European Council President Herman Van Rompuy could no longer avoid the embarrassing and unpleasant task of throwing out 10 people. Friendliness was called for, of course, and nice words. But so too was firmness: Their presence was no longer required, and they were asked to leave the assembly hall of the Justus Lipsius building in Brussels.
They were all proud people, the sort who usually do the throwing out themselves: national leaders like British Prime Minister David Cameron and Polish Prime Minister Donald Tusk -- all from the 10 countries that are part of the European Union but don't use the euro.
They met last Wednesday with their 17 counterparts from the euro zone to discuss the future of Europe. In reality, though, they complained that the 17 euro-zone nations were embarking on their own path and not involving them sufficiently.
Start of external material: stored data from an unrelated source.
(* Let $E$ be an arbitrary graph and consider the groupoid $\mathcal{G}_E$ with cocycle $\widetilde{w}:\mathcal{G}_E\to\mathbb{Z}$, $\widetilde{w}(x,k,y)=k$. Then $\widetilde{w}$ is star injective if and only if $|r_E^{-1}(v)|\le1$ for every $v\in E^0$ (i.e. every vertex receives at most one edge).
   Context: Graph $E=(E^0,E^1,r_E,s_E)$; paths, $E^*$ (finite paths, including vertices), $E^\infty$ (infinite paths); $|\alpha|$ is the length of a path. A vertex is regular if it emits a finite nonzero number of edges. $X=E^\infty\cup\{\mu\in E^*: r(\mu)\text{ is not regular}\}$. $\mathcal{G}_E=\{(\alpha x,|\alpha|-|\beta|,\beta x):\alpha,\beta\in E^*,\ x\in X,\ r(\alpha)=r(\beta)=s(x)\}$, with $(x,k,y)$ a morphism from $y$ (domain) to $x$ (range), composition $(x,k,y)(y,l,z)=(x,k+l,z)$, inverse $(x,k,y)^{-1}=(y,-k,x)$, and unit space identified with $X$. Viewing $\mathbb{Z}$ as a one-object category, a functor $F:\mathcal{C}\to\mathcal{D}$ is star injective if for each object $x$ its restriction to $\operatorname{Star}(x)=\{\text{morphisms with domain }x\}$ is injective; here $\operatorname{Star}(x)=\{(y,k,x)\in\mathcal{G}_E\}$. *)

theory Defs
  imports Main
begin

text \<open>A finite path is a pair (v, es): a vertex v (length 0) or a list of edges es = e1...en
  with r(e_i) = s(e_(i+1)) and v = s(e1).\<close>

definition graph :: "'v set \<Rightarrow> 'e set \<Rightarrow> ('e \<Rightarrow> 'v) \<Rightarrow> ('e \<Rightarrow> 'v) \<Rightarrow> bool" where
  "graph E0 E1 r s \<longleftrightarrow> (\<forall>e\<in>E1. r e \<in> E0 \<and> s e \<in> E0)"

definition regular_vertex :: "'e set \<Rightarrow> ('e \<Rightarrow> 'v) \<Rightarrow> 'v \<Rightarrow> bool" where
  "regular_vertex E1 s v \<longleftrightarrow> finite {e\<in>E1. s e = v} \<and> {e\<in>E1. s e = v} \<noteq> {}"

definition finite_path :: "'v set \<Rightarrow> 'e set \<Rightarrow> ('e \<Rightarrow> 'v) \<Rightarrow> ('e \<Rightarrow> 'v) \<Rightarrow> 'v \<times> 'e list \<Rightarrow> bool" where
  "finite_path E0 E1 r s p \<longleftrightarrow> (case p of (v, es) \<Rightarrow>
     v \<in> E0 \<and> set es \<subseteq> E1 \<and> (es \<noteq> [] \<longrightarrow> s (hd es) = v) \<and>
     (\<forall>i. Suc i < length es \<longrightarrow> r (es ! i) = s (es ! Suc i)))"

definition path_range :: "('e \<Rightarrow> 'v) \<Rightarrow> 'v \<times> 'e list \<Rightarrow> 'v" where
  "path_range r p = (case p of (v, es) \<Rightarrow> if es = [] then v else r (last es))"

definition path_len :: "'v \<times> 'e list \<Rightarrow> nat" where
  "path_len p = length (snd p)"

definition infinite_path :: "'e set \<Rightarrow> ('e \<Rightarrow> 'v) \<Rightarrow> ('e \<Rightarrow> 'v) \<Rightarrow> (nat \<Rightarrow> 'e) \<Rightarrow> bool" where
  "infinite_path E1 r s f \<longleftrightarrow> (\<forall>n. f n \<in> E1 \<and> r (f n) = s (f (Suc n)))"

datatype ('v, 'e) bpath = FinP 'v "'e list" | InfP "nat \<Rightarrow> 'e"

fun bpath_src :: "('e \<Rightarrow> 'v) \<Rightarrow> ('v, 'e) bpath \<Rightarrow> 'v" where
  "bpath_src s (FinP v es) = v"
| "bpath_src s (InfP f) = s (f 0)"

definition boundary_paths :: "'v set \<Rightarrow> 'e set \<Rightarrow> ('e \<Rightarrow> 'v) \<Rightarrow> ('e \<Rightarrow> 'v) \<Rightarrow> ('v, 'e) bpath set" where
  "boundary_paths E0 E1 r s =
     {InfP f | f. infinite_path E1 r s f} \<union>
     {FinP v es | v es. finite_path E0 E1 r s (v, es) \<and> \<not> regular_vertex E1 s (path_range r (v, es))}"

fun concat_path :: "'v \<times> 'e list \<Rightarrow> ('v, 'e) bpath \<Rightarrow> ('v, 'e) bpath" where
  "concat_path (v, es) (FinP w fs) = FinP v (es @ fs)"
| "concat_path (v, es) (InfP f) = InfP (\<lambda>n. if n < length es then es ! n else f (n - length es))"

text \<open>The groupoid G_E as a set of triples (range, k, domain).\<close>
definition graph_groupoid :: "'v set \<Rightarrow> 'e set \<Rightarrow> ('e \<Rightarrow> 'v) \<Rightarrow> ('e \<Rightarrow> 'v)
    \<Rightarrow> (('v, 'e) bpath \<times> int \<times> ('v, 'e) bpath) set" where
  "graph_groupoid E0 E1 r s =
     {(concat_path \<alpha> x, int (path_len \<alpha>) - int (path_len \<beta>), concat_path \<beta> x) | \<alpha> \<beta> x.
        finite_path E0 E1 r s \<alpha> \<and> finite_path E0 E1 r s \<beta> \<and> x \<in> boundary_paths E0 E1 r s \<and>
        path_range r \<alpha> = bpath_src s x \<and> path_range r \<beta> = bpath_src s x}"

definition star :: "('a \<times> int \<times> 'a) set \<Rightarrow> 'a \<Rightarrow> ('a \<times> int \<times> 'a) set" where
  "star G x = {g \<in> G. snd (snd g) = x}"

definition star_injective :: "('a \<times> int \<times> 'a) set \<Rightarrow> 'a set \<Rightarrow> ('a \<times> int \<times> 'a \<Rightarrow> int) \<Rightarrow> bool" where
  "star_injective G Obj F \<longleftrightarrow> (\<forall>x\<in>Obj. inj_on F (star G x))"

definition cocycle_w :: "'a \<times> int \<times> 'a \<Rightarrow> int" where
  "cocycle_w g = fst (snd g)"

end

theory Submission
  imports Defs
begin

text \<open>If every vertex receives at most one edge, paths can be traced backwards uniquely: a finite
  path is determined by its range and length, an infinite path by any of its tails. Hence an arrow
  (\<alpha>x, k, \<beta>x) is determined by its domain \<beta>x and its degree k: the range is the path of length
  |\<beta>x| + k ending where \<beta>x ends, resp. the infinite path that eventually agrees with \<beta>x shifted
  by k. Conversely, two edges e \<noteq> f into v give arrows (ex, 1, x) \<noteq> (fx, 1, x) in the star of a
  boundary path x starting at v, and such an x always exists.\<close>

lemma finite_path_snoc:
  assumes "finite_path E0 E1 r s (a, as @ [e])"
  shows "finite_path E0 E1 r s (a, as) \<and> path_range r (a, as) = s e \<and> e \<in> E1"
proof -
  from assms have A: "a \<in> E0" "set as \<subseteq> E1" "e \<in> E1"
    and H: "s (hd (as @ [e])) = a"
    and C: "\<forall>i. Suc i < length as + 1 \<longrightarrow> r ((as@[e]) ! i) = s ((as@[e]) ! Suc i)"
    unfolding finite_path_def by auto
  have "finite_path E0 E1 r s (a, as)"
    unfolding finite_path_def
  proof (simp add: A, intro conjI impI allI)
    assume "as \<noteq> []" thus "s (hd as) = a" using H by simp
  next
    fix i assume "Suc i < length as"
    thus "r (as ! i) = s (as ! Suc i)" using C[rule_format, of i]
      by (simp add: nth_append)
  qed
  moreover have "path_range r (a, as) = s e"
  proof (cases "as = []")
    case True thus ?thesis using H by (simp add: path_range_def)
  next
    case False
    then have "r (as ! (length as - 1)) = s ((as@[e]) ! length as)"
      using C[rule_format, of "length as - 1"] by (simp add: nth_append)
    thus ?thesis using False by (simp add: path_range_def last_conv_nth)
  qed
  ultimately show ?thesis using A by simp
qed

lemma finite_path_append:
  assumes "finite_path E0 E1 r s (a, as)" "finite_path E0 E1 r s (w, fs)"
    "path_range r (a, as) = w"
  shows "finite_path E0 E1 r s (a, as @ fs)"
proof -
  from assms have A: "a \<in> E0" "set as \<subseteq> E1" "set fs \<subseteq> E1"
    and H1: "as \<noteq> [] \<longrightarrow> s (hd as) = a" and H2: "fs \<noteq> [] \<longrightarrow> s (hd fs) = w"
    and C1: "\<forall>i. Suc i < length as \<longrightarrow> r (as ! i) = s (as ! Suc i)"
    and C2: "\<forall>i. Suc i < length fs \<longrightarrow> r (fs ! i) = s (fs ! Suc i)"
    and R: "(if as = [] then a else r (last as)) = w"
    unfolding finite_path_def path_range_def by auto
  show ?thesis unfolding finite_path_def
  proof (simp only: prod.case, intro conjI impI allI)
    show "a \<in> E0" "set (as @ fs) \<subseteq> E1" using A by auto
  next
    assume "as @ fs \<noteq> []"
    thus "s (hd (as @ fs)) = a" using H1 H2 R by (cases "as = []") auto
  next
    fix i assume i: "Suc i < length (as @ fs)"
    consider "Suc i < length as" | "Suc i = length as" | "length as \<le> i" by linarith
    thus "r ((as @ fs) ! i) = s ((as @ fs) ! Suc i)"
    proof cases
      case 1 thus ?thesis using C1 by (simp add: nth_append)
    next
      case 2
      hence "as \<noteq> []" "fs \<noteq> []" "i = length as - 1" using i by auto
      hence "r (as ! i) = w" "s (fs ! 0) = w" using R H2
        by (auto simp: last_conv_nth hd_conv_nth)
      thus ?thesis using 2 by (simp add: nth_append)
    next
      case 3
      hence "Suc (i - length as) < length fs" using i by auto
      hence "r (fs ! (i - length as)) = s (fs ! Suc (i - length as))" using C2 by blast
      moreover have "Suc i - length as = Suc (i - length as)" using 3 by linarith
      ultimately show ?thesis using 3 by (simp add: nth_append)
    qed
  qed
qed

lemma path_range_append:
  "path_range r (a, as) = w \<Longrightarrow> path_range r (a, as @ fs) = path_range r (w, fs)"
  by (cases fs) (auto simp: path_range_def)

lemma infinite_path_prepend:
  assumes "finite_path E0 E1 r s (a, as)" "infinite_path E1 r s f"
    "path_range r (a, as) = s (f 0)"
  shows "infinite_path E1 r s (\<lambda>n. if n < length as then as ! n else f (n - length as))"
  unfolding infinite_path_def
proof (intro allI conjI)
  fix n
  show "(if n < length as then as ! n else f (n - length as)) \<in> E1"
    using assms(1,2) by (auto simp: finite_path_def infinite_path_def)
  consider "Suc n < length as" | "Suc n = length as" | "length as \<le> n" by linarith
  thus "r (if n < length as then as ! n else f (n - length as))
      = s (if Suc n < length as then as ! Suc n else f (Suc n - length as))"
  proof cases
    case 1 thus ?thesis using assms(1) by (simp add: finite_path_def)
  next
    case 2
    hence "as \<noteq> []" "n = length as - 1" by auto
    thus ?thesis using 2 assms(3) by (simp add: path_range_def last_conv_nth)
  next
    case 3
    hence "Suc n - length as = Suc (n - length as)" by linarith
    thus ?thesis using 3 assms(2) by (simp add: infinite_path_def)
  qed
qed

lemma finite_path_eq_if_same_range_length:
  assumes inj: "inj_on r E1"
  shows "finite_path E0 E1 r s (a, as) \<Longrightarrow> finite_path E0 E1 r s (a', as') \<Longrightarrow>
    length as = length as' \<Longrightarrow> path_range r (a, as) = path_range r (a', as') \<Longrightarrow>
    a = a' \<and> as = as'"
proof (induction as arbitrary: as' rule: rev_induct)
  case Nil
  thus ?case by (simp add: path_range_def)
next
  case (snoc e as)
  then obtain as0 e' where as': "as' = as0 @ [e']"
    by (metis length_0_conv rev_exhaust snoc_eq_iff_butlast)
  note P = finite_path_snoc[OF snoc.prems(1)]
  note P' = finite_path_snoc[OF snoc.prems(2)[unfolded as']]
  have "r e = r e'" using snoc.prems(4) as' by (simp add: path_range_def)
  hence "e = e'" using inj P P' by (meson inj_onD)
  moreover have "a = a' \<and> as = as0"
    using snoc.IH[of as0] P P' snoc.prems(3) as' \<open>e = e'\<close> by simp
  ultimately show ?case using as' by simp
qed

lemma infinite_path_eq_if_eventually_eq:
  assumes inj: "inj_on r E1" and f: "infinite_path E1 r s f" and g: "infinite_path E1 r s g"
    and tail: "\<And>m. N \<le> m \<Longrightarrow> f m = g m"
  shows "f = g"
proof
  have "f m = g m" if "N - d \<le> m" for d m
    using that
  proof (induction d arbitrary: m)
    case 0 thus ?case using tail by simp
  next
    case (Suc d)
    show ?case
    proof (cases "N - d \<le> m")
      case False
      hence "N - d \<le> Suc m" using Suc.prems by linarith
      hence "r (f m) = r (g m)"
        using Suc.IH f g by (metis infinite_path_def)
      thus ?thesis using inj f g by (meson infinite_path_def inj_onD)
    qed (rule Suc.IH)
  qed
  from this[of N] show "f m = g m" for m by simp
qed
There was no shortage of grievances. Indeed, the full, 27-member session had already taken much longer than planned when Van Rompuy braced himself and asked Cameron, Tusk and the other eight leaders of non-euro-zone nations to leave. He thanked them for the "positive" discussion -- a choice of words which belied the heated atmosphere which characterized the session -- and went about his extremely unpleasant task.
There was a break, and then dinner was served. Now the 17 heads of state and government of the euro zone could finally tackle the important part of the meeting. Over dinner, they discussed how to save the euro.